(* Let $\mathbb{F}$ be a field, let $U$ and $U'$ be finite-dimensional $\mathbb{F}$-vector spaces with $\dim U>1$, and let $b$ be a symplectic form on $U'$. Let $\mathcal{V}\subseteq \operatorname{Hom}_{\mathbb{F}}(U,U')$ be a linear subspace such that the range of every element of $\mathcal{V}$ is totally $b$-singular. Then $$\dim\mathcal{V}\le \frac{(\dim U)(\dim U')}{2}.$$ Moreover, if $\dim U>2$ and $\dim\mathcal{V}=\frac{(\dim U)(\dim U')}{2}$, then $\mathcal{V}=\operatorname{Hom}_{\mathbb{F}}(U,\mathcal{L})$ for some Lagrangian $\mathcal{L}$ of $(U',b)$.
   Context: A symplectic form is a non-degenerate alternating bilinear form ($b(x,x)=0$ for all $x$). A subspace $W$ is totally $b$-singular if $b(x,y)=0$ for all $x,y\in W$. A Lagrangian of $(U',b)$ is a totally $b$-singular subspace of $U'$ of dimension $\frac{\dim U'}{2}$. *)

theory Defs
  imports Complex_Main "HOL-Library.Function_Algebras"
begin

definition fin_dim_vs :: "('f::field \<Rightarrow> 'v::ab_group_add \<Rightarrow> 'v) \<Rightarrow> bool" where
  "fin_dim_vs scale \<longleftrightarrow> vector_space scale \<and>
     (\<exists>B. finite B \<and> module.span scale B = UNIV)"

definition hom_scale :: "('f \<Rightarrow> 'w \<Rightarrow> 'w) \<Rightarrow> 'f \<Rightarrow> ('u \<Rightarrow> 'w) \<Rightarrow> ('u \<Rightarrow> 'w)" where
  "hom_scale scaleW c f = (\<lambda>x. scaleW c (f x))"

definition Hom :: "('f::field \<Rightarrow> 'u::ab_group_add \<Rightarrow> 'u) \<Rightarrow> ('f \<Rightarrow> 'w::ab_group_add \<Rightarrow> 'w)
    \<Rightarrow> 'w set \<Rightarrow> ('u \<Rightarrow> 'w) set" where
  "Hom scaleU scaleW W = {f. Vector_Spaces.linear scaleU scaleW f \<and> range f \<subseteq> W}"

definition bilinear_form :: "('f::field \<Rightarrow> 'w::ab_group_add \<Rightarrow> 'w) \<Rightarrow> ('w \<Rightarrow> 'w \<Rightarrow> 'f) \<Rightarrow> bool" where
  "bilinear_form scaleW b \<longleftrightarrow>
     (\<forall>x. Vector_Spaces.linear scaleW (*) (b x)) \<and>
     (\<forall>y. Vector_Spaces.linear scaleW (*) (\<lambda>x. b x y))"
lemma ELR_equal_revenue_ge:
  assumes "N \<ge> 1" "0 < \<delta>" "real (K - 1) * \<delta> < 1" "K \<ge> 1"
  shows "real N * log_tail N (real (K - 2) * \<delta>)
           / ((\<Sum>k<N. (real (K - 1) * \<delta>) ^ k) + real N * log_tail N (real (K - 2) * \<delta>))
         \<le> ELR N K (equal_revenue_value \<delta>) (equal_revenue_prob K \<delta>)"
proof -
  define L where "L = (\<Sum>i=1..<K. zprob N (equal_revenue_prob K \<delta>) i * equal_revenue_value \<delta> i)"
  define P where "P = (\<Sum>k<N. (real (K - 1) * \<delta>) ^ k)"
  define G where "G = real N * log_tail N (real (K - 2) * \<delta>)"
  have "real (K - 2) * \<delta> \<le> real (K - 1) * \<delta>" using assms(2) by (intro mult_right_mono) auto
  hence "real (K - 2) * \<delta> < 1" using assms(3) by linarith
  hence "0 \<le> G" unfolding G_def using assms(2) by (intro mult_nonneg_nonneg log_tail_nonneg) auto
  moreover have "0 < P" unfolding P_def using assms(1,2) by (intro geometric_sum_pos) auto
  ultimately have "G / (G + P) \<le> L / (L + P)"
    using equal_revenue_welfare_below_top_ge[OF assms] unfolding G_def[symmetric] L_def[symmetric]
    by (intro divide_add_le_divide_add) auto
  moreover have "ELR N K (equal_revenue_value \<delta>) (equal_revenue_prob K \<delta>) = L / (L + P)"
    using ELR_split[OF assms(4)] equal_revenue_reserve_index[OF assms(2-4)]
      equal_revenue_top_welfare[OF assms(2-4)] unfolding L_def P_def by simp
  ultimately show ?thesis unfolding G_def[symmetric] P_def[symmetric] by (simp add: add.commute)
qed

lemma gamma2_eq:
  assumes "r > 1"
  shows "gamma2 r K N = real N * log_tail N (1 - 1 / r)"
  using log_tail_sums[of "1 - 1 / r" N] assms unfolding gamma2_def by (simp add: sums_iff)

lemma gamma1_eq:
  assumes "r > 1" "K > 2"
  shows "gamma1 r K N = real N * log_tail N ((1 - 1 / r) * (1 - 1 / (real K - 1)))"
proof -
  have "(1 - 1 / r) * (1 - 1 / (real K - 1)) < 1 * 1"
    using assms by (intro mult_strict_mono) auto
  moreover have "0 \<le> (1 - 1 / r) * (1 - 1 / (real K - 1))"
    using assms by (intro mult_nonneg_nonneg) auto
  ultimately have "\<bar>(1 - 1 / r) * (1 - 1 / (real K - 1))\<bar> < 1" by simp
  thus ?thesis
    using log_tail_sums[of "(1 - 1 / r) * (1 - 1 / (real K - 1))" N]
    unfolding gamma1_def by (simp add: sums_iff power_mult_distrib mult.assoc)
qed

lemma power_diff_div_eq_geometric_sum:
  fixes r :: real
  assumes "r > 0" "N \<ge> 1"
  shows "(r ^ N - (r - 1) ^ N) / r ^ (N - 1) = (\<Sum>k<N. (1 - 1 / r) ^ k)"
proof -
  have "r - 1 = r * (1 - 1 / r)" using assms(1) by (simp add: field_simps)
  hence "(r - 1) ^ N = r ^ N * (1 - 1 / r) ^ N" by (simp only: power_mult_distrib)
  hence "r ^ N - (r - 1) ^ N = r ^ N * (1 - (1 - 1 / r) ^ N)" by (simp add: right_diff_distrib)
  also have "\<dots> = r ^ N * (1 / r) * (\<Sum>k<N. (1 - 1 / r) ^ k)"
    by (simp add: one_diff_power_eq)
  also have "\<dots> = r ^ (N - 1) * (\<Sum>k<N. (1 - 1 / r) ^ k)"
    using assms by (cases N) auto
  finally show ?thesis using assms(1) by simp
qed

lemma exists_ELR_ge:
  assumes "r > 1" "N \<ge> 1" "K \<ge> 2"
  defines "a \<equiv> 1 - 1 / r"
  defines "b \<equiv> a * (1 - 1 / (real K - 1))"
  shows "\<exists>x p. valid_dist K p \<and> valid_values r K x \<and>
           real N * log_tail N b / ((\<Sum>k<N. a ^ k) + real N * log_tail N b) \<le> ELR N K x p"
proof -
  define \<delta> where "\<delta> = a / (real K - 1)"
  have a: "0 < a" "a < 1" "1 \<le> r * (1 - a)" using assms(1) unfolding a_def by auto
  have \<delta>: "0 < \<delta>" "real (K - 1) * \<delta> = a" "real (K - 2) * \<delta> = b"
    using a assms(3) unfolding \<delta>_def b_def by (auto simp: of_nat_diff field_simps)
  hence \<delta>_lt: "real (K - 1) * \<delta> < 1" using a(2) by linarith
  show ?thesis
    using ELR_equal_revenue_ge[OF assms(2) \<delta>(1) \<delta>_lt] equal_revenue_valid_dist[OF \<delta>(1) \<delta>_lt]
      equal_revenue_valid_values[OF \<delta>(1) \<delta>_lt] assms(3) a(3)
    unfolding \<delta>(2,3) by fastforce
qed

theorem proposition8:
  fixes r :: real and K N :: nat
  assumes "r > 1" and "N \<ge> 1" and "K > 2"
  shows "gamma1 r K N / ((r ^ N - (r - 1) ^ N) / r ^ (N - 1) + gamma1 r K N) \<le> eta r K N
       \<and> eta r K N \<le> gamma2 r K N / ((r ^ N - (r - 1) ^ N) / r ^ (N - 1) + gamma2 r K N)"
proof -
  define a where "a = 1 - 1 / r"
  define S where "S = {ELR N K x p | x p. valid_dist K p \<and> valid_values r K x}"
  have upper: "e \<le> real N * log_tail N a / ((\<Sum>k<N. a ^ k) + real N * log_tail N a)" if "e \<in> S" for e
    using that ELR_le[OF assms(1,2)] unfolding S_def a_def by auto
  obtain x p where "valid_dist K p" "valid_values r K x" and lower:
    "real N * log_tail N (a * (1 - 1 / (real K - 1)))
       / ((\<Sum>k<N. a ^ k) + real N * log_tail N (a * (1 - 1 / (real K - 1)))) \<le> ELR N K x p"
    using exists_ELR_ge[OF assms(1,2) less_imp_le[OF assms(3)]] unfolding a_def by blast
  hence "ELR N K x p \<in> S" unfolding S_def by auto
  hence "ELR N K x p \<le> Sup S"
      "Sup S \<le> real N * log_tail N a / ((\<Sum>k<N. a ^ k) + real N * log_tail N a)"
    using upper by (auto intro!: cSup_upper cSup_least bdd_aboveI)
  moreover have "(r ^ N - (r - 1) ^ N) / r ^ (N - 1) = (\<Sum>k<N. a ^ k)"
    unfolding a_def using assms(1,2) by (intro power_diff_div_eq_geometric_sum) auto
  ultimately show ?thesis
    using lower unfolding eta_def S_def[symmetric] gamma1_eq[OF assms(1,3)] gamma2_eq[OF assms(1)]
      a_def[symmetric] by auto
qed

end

***

▶ [Assignment] Which lines of the data include "longleftrightarrow"? Copy each of them.

▶ [Exercise response]
  "fin_dim_vs scale \<longleftrightarrow> vector_space scale \<and>
  "bilinear_form scaleW b \<longleftrightarrow>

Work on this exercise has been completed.